Ливви тогда сказала, что ее раны были язвами.

– Я думала, что у твоей мамы то же, что и у меня.

Когда она наконец заговаривает, ее голос звучит по-другому. Он звучит угрюмо.

– Если ты так заботишься о том, что подумают люди, можешь и дальше прятаться.

– Что?

– Прячься. Не выходи из дома. Оставайся весь день в своей комнате.

– Я стесняюсь, ясно?

Я чувствую, как у меня сводит живот и глаза наполняются слезами. На какое-то мгновение мне показалось, что Ливви сможет понять. Но она не понимает. Никто из здоровых людей не сможет понять. Как они поймут?

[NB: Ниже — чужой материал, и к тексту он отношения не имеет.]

(* Let $G=(V,E)$ be an undirected graph, define $p_1(\emptyset)=0$, $p_1(V)=|E|$, $p_1(X)=i_G(X)+1$ for $\emptyset\subset X\subset V$, and $B_1=\{x\in\mathbb{R}^V:\widetilde x(V)=p_1(V),\ \widetilde x(X)\ge p_1(X)\ \forall X\subset V\}$. Let $D$ be a strongly connected orientation of $G$ with in-degree vector $m$ and let $s,t\in V$. Then $m+\chi_s-\chi_t\in B_1$ if and only if $D$ contains two arc-disjoint directed paths from $s$ to $t$.
   Context: $i_G(X)$ is the number of edges with both end-nodes in $X$; $\widetilde x(X)=\sum_{v\in X}x(v)$; $\chi_v$ is the unit vector of $v$; $m(v)=\varrho_D(v)$ is the number of arcs with head $v$. *)

theory Defs
  imports Main "HOL-Library.Indicator_Function"
begin

text \<open>An undirected (multi)graph G = (V,E): E is a finite set of edge identifiers,
  ends e is the set of end-nodes of e (one node for a loop, two otherwise).\<close>
definition ugraph :: "'v set \<Rightarrow> 'e set \<Rightarrow> ('e \<Rightarrow> 'v set) \<Rightarrow> bool" where
  "ugraph V E ends \<longleftrightarrow> finite V \<and> finite E \<and>
     (\<forall>e\<in>E. ends e \<subseteq> V \<and> 1 \<le> card (ends e) \<and> card (ends e) \<le> 2)"

definition orientation :: "'e set \<Rightarrow> ('e \<Rightarrow> 'v set) \<Rightarrow> ('e \<Rightarrow> 'v) \<Rightarrow> ('e \<Rightarrow> 'v) \<Rightarrow> bool" where
  "orientation E ends tail head \<longleftrightarrow> (\<forall>e\<in>E. {tail e, head e} = ends e)"

text \<open>A directed path from s to t in D, given as its list of arcs; its node
  sequence s, head a1, head a2, ... has no repeated node and ends in t.\<close>
definition dpath :: "'e set \<Rightarrow> ('e \<Rightarrow> 'v) \<Rightarrow> ('e \<Rightarrow> 'v) \<Rightarrow> 'v \<Rightarrow> 'v \<Rightarrow> 'e list \<Rightarrow> bool" where
  "dpath E tail head s t P \<longleftrightarrow> set P \<subseteq> E \<and>
     (\<forall>i < length P. tail (P ! i) = (s # map head P) ! i) \<and>
     distinct (s # map head P) \<and> last (s # map head P) = t"
text \<open>Halmos and Vaughan's induction: if some proper subset S is tight, match S into its
  neighbourhood and L - S into the rest independently; otherwise every proper subset has slack,
  and any edge (i, g) can be put into the matching.\<close>

theorem s_hall_condition_imp_left_saturating_s_matching:
  assumes "finite L" "finite R" "s_hall_condition E L R s"
  shows "\<exists>F \<subseteq> L \<times> R. left_saturating_s_matching E L R s F"
  using assms
proof (induction "sum s L + card L" arbitrary: L R s rule: less_induct)
  case less
  note fin = less.prems(1,2) and hall = less.prems(3)
  show ?case
  proof (cases rule: s_hall_cases[OF hall fin(2), case_names zero tight slack])
    case zero
    then have "left_saturating_s_matching E L R s {}"
      by (simp add: left_saturating_s_matching_def s_matching_def)
    then show ?thesis
      by blast
  next
    case (tight S)
    have "S \<subset> L" "L - S \<subset> L"
      using tight(1-3) by auto
    from less.hyps[OF sum_plus_card_psubset_less[OF fin(1) this(1)] finite_subset[OF tight(1) fin(1)]
        finite_nbhd[OF fin(2)] s_hall_condition_tight_part[OF hall tight(1)]]
    obtain F1 where F1: "F1 \<subseteq> S \<times> nbhd E R S" "left_saturating_s_matching E S (nbhd E R S) s F1"
      by blast
    from less.hyps[OF sum_plus_card_psubset_less[OF fin(1) \<open>L - S \<subset> L\<close>] finite_Diff[OF fin(1)]
        finite_Diff[OF fin(2)] s_hall_condition_tight_rest[OF hall fin tight(1,4)]]
    obtain F2 where F2: "F2 \<subseteq> (L - S) \<times> (R - nbhd E R S)"
        "left_saturating_s_matching E (L - S) (R - nbhd E R S) s F2"
      by blast
    have "left_saturating_s_matching E L R s (F1 \<union> F2)"
      using left_saturating_s_matching_Un[OF F1(2,1) F2(2,1)] tight(1) nbhd_subset[of E R S]
      by (simp add: Un_absorb1)
    moreover have "F1 \<union> F2 \<subseteq> L \<times> R"
      using F1(1) F2(1) tight(1) nbhd_subset[of E R S] by blast
    ultimately show ?thesis
      by blast
  next
    case (slack i g)
    have "s i \<le> sum s L"
      using fin(1) slack(1) by (intro member_le_sum) auto
    then have "sum (s(i := s i - 1)) L + card L < sum s L + card L"
      using sum_fun_upd_decr[OF fin(1), of s i] slack(1,2) by (simp del: fun_upd_apply)
    from less.hyps[OF this fin(1) finite_Diff[OF fin(2)]
        s_hall_condition_remove_vertex[OF hall fin slack(5) slack(1,2)]]
    obtain F where F: "F \<subseteq> L \<times> (R - {g})"
        "left_saturating_s_matching E L (R - {g}) (s(i := s i - 1)) F"
      by blast
    then have "left_saturating_s_matching E L R s (insert (i, g) F)"
      using slack(1-4) fin(2) by (intro left_saturating_s_matching_insert) auto
    moreover have "insert (i, g) F \<subseteq> L \<times> R"
      using F(1) slack(1,3) by auto
    ultimately show ?thesis
      by blast
  qed
qed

– Нормально – это то, как ты выглядишь, Ливви. Уверена, ты никогда не думала дважды, прежде чем надеть шорты! Чего ты вообще когда-нибудь стеснялась? Со своими идеальными загорелыми ногами!

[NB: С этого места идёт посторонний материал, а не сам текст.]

(* Let $\Omega\subset\mathbb{R}^d$ be a bounded Lipschitz domain, let $\mathbf{V}=H^1_0(\Omega)^d$ (complex-valued), let $\rho,\mu,\lambda>0$ and $\omega>0$, and let $$a_1(\mathbf{u},\mathbf{v}) = 2\mu(\varepsilon(\mathbf{u}),\varepsilon(\mathbf{v})) + \lambda(\mathrm{div}\,\mathbf{u},\mathrm{div}\,\mathbf{v}) - \omega^2\rho(\mathbf{u},\mathbf{v}),\qquad \mathbf{u},\mathbf{v}\in\mathbf{V}.$$ Let $\{(\boldsymbol{\psi}_n,\kappa_n)\}_{n\ge0}\subset\mathbf{V}\times\mathbb{R}^+$ be the eigenpairs described in the context, and assume $\omega^2\notin\{\kappa_n : n\ge 0\}$. Set $\overline{m}=\max\{n\in\mathbb{N} : \omega^2>\kappa_n\}$, $\mathbf{V}^-=\mathrm{span}\{\boldsymbol{\psi}_n : 0\le n\le \overline{m}\}$, let $\Pi_{\mathbf{V}^-}$ be the orthogonal projection onto $\mathbf{V}^-$ and $\mathbb{T}=I_{\mathbf{V}}-2\Pi_{\mathbf{V}^-}$. Then $a_1$ is $\mathbb{T}$-coercive. That is, $\mathbb{T}\in\mathcal{L}(\mathbf{V},\mathbf{V})$ is bijective, and there is a constant $\tilde\alpha>0$ such that $|a_1(\mathbf{v},\mathbb{T}\mathbf{v})|\ge\tilde\alpha\|\mathbf{v}\|_{\mathbf{V}}^2$ for all $\mathbf{v}\in\mathbf{V}$.
   Context: $(\cdot,\cdot)$ denotes the complex $L^2(\Omega)$ inner product, which is linear in the first argument and antilinear in the second. $\varepsilon(\mathbf{u})=\tfrac12(\nabla\mathbf{u}+\nabla\mathbf{u}^T)$. On $\mathbf{V}$ define the inner products - $(\mathbf{u},\mathbf{v})_{0,\rho}=\rho(\mathbf{u},\mathbf{v})$, - $(\mathbf{u},\mathbf{v})_{1,\mu,\lambda}=2\mu(\varepsilon(\mathbf{u}),\varepsilon(\mathbf{v}))+\lambda(\mathrm{div}\,\mathbf{u},\mathrm{div}\,\mathbf{v})$, - $(\mathbf{u},\mathbf{v})_{1,\mu,\lambda,\rho}=(\mathbf{u},\mathbf{v})_{1,\mu,\lambda}+(\mathbf{u},\mathbf{v})_{0,\rho}$. The norm on $\mathbf{V}$ is $\|\cdot\|_{1,\mu,\lambda,\rho}$. Orthogonality in $\mathbf{V}$ (in particular for the projection $\Pi_{\mathbf{V}^-}$) refers to $(\cdot,\cdot)_{1,\mu,\lambda,\rho}$. The family $\{\boldsymbol{\psi}_n\}$ is a Hilbert basis of $\mathbf{V}$ consisting of eigenvectors of the elasticity operator. It satisfies $(\boldsymbol{\psi}_n,\mathbf{v})_{1,\mu,\lambda}=\kappa_n(\boldsymbol{\psi}_n,\mathbf{v})_{0,\rho}$ for all $\mathbf{v}\in\mathbf{V}$, with $\kappa_n\to+\infty$. It is orthogonal in $(\cdot,\cdot)_{1,\mu,\lambda}$ and in $(\cdot,\cdot)_{0,\rho}$, and normalized by $\|\boldsymbol{\psi}_n\|_{1,\mu,\lambda,\rho}=1$. *)

theory Defs
  imports "HOL-Analysis.Analysis"
begin

definition lipschitz_boundary :: "(real^'d) set \<Rightarrow> bool" where
  "lipschitz_boundary \<Omega> \<longleftrightarrow>
     (\<forall>x\<in>frontier \<Omega>. \<exists>e r L g. norm e = 1 \<and> r > 0 \<and> L-lipschitz_on UNIV g \<and>
        (\<forall>y. g y = g (y - (y \<bullet> e) *\<^sub>R e)) \<and>
        \<Omega> \<inter> ball x r = {y \<in> ball x r. y \<bullet> e < g y})"

definition bounded_lipschitz_domain :: "(real^'d) set \<Rightarrow> bool" where
  "bounded_lipschitz_domain \<Omega> \<longleftrightarrow>
     open \<Omega> \<and> connected \<Omega> \<and> \<Omega> \<noteq> {} \<and> bounded \<Omega> \<and> lipschitz_boundary \<Omega>"

definition cpartial :: "'d \<Rightarrow> (real^'d \<Rightarrow> real) \<Rightarrow> real^'d \<Rightarrow> real" where
  "cpartial j f x = deriv (\<lambda>t. f (x + t *\<^sub>R axis j 1)) 0"

fun iter_partial :: "'d list \<Rightarrow> (real^'d \<Rightarrow> real) \<Rightarrow> real^'d \<Rightarrow> real" where
  "iter_partial [] f = f"
| "iter_partial (j # js) f = cpartial j (iter_partial js f)"

definition smooth_fun :: "(real^'d \<Rightarrow> real) \<Rightarrow> bool" where
  "smooth_fun f \<longleftrightarrow>
     (\<forall>js. continuous_on UNIV (iter_partial js f) \<and>
        (\<forall>j x. (\<lambda>t. iter_partial js f (x + t *\<^sub>R axis j 1)) differentiable (at 0)))"

definition tsupport :: "(real^'d \<Rightarrow> real) \<Rightarrow> (real^'d) set" where
  "tsupport f = closure {x. f x \<noteq> 0}"

definition test_fun :: "(real^'d) set \<Rightarrow> (real^'d \<Rightarrow> real) \<Rightarrow> bool" where
  "test_fun \<Omega> \<phi> \<longleftrightarrow> smooth_fun \<phi> \<and> compact (tsupport \<phi>) \<and> tsupport \<phi> \<subseteq> \<Omega>"

definition test_field :: "(real^'d) set \<Rightarrow> (real^'d \<Rightarrow> complex^'d) \<Rightarrow> bool" where
  "test_field \<Omega> u \<longleftrightarrow>
     (\<forall>i. test_fun \<Omega> (\<lambda>x. Re (u x $ i)) \<and> test_fun \<Omega> (\<lambda>x. Im (u x $ i)))"

definition L2 :: "(real^'d) set \<Rightarrow> (real^'d \<Rightarrow> complex) \<Rightarrow> bool" where
  "L2 \<Omega> f \<longleftrightarrow> f \<in> borel_measurable (lebesgue_on \<Omega>) \<and>
     integrable (lebesgue_on \<Omega>) (\<lambda>x. (cmod (f x))\<^sup>2)"

definition sL2ip :: "(real^'d) set \<Rightarrow> (real^'d \<Rightarrow> complex) \<Rightarrow> (real^'d \<Rightarrow> complex) \<Rightarrow> complex" where
  "sL2ip \<Omega> f g = (LINT x | lebesgue_on \<Omega>. f x * cnj (g x))"

definition is_weak_partial ::
  "(real^'d) set \<Rightarrow> 'd \<Rightarrow> (real^'d \<Rightarrow> complex) \<Rightarrow> (real^'d \<Rightarrow> complex) \<Rightarrow> bool" where
  "is_weak_partial \<Omega> j f g \<longleftrightarrow>
     (\<forall>\<phi>. test_fun \<Omega> \<phi> \<longrightarrow>
        (LINT x | lebesgue_on \<Omega>. f x * of_real (cpartial j \<phi> x))
          = - (LINT x | lebesgue_on \<Omega>. g x * of_real (\<phi> x)))"

definition H1 :: "(real^'d) set \<Rightarrow> (real^'d \<Rightarrow> complex) \<Rightarrow> bool" where
  "H1 \<Omega> f \<longleftrightarrow> L2 \<Omega> f \<and> (\<forall>j. \<exists>g. L2 \<Omega> g \<and> is_weak_partial \<Omega> j f g)"

definition wpartial :: "(real^'d) set \<Rightarrow> 'd \<Rightarrow> (real^'d \<Rightarrow> complex) \<Rightarrow> real^'d \<Rightarrow> complex" where
  "wpartial \<Omega> j f = (SOME g. L2 \<Omega> g \<and> is_weak_partial \<Omega> j f g)"

definition H1_normsq :: "(real^'d) set \<Rightarrow> (real^'d \<Rightarrow> complex^'d) \<Rightarrow> real" where
  "H1_normsq \<Omega> u = (\<Sum>i\<in>UNIV. Re (sL2ip \<Omega> (\<lambda>x. u x $ i) (\<lambda>x. u x $ i)) +
      (\<Sum>j\<in>UNIV. Re (sL2ip \<Omega> (wpartial \<Omega> j (\<lambda>x. u x $ i)) (wpartial \<Omega> j (\<lambda>x. u x $ i)))))"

Я знаю, что это звучит гнусно, но ничего не могу с собой поделать. Правда в том, что я завидую – завидую тому, что она родилась с такой хорошей внешностью, а я нет.

– Моя мама не выходит из дома, потому что очень стесняется того, как она выглядит.

– Серьезно? Ну она может сесть на диету и сбросить вес! Я перепробовала всё, чтобы вылечить свою кожу. Лечения нет. Всё, что нужно сделать твоей маме, – это перестать есть и начать немного заниматься. Это довольно просто на самом деле.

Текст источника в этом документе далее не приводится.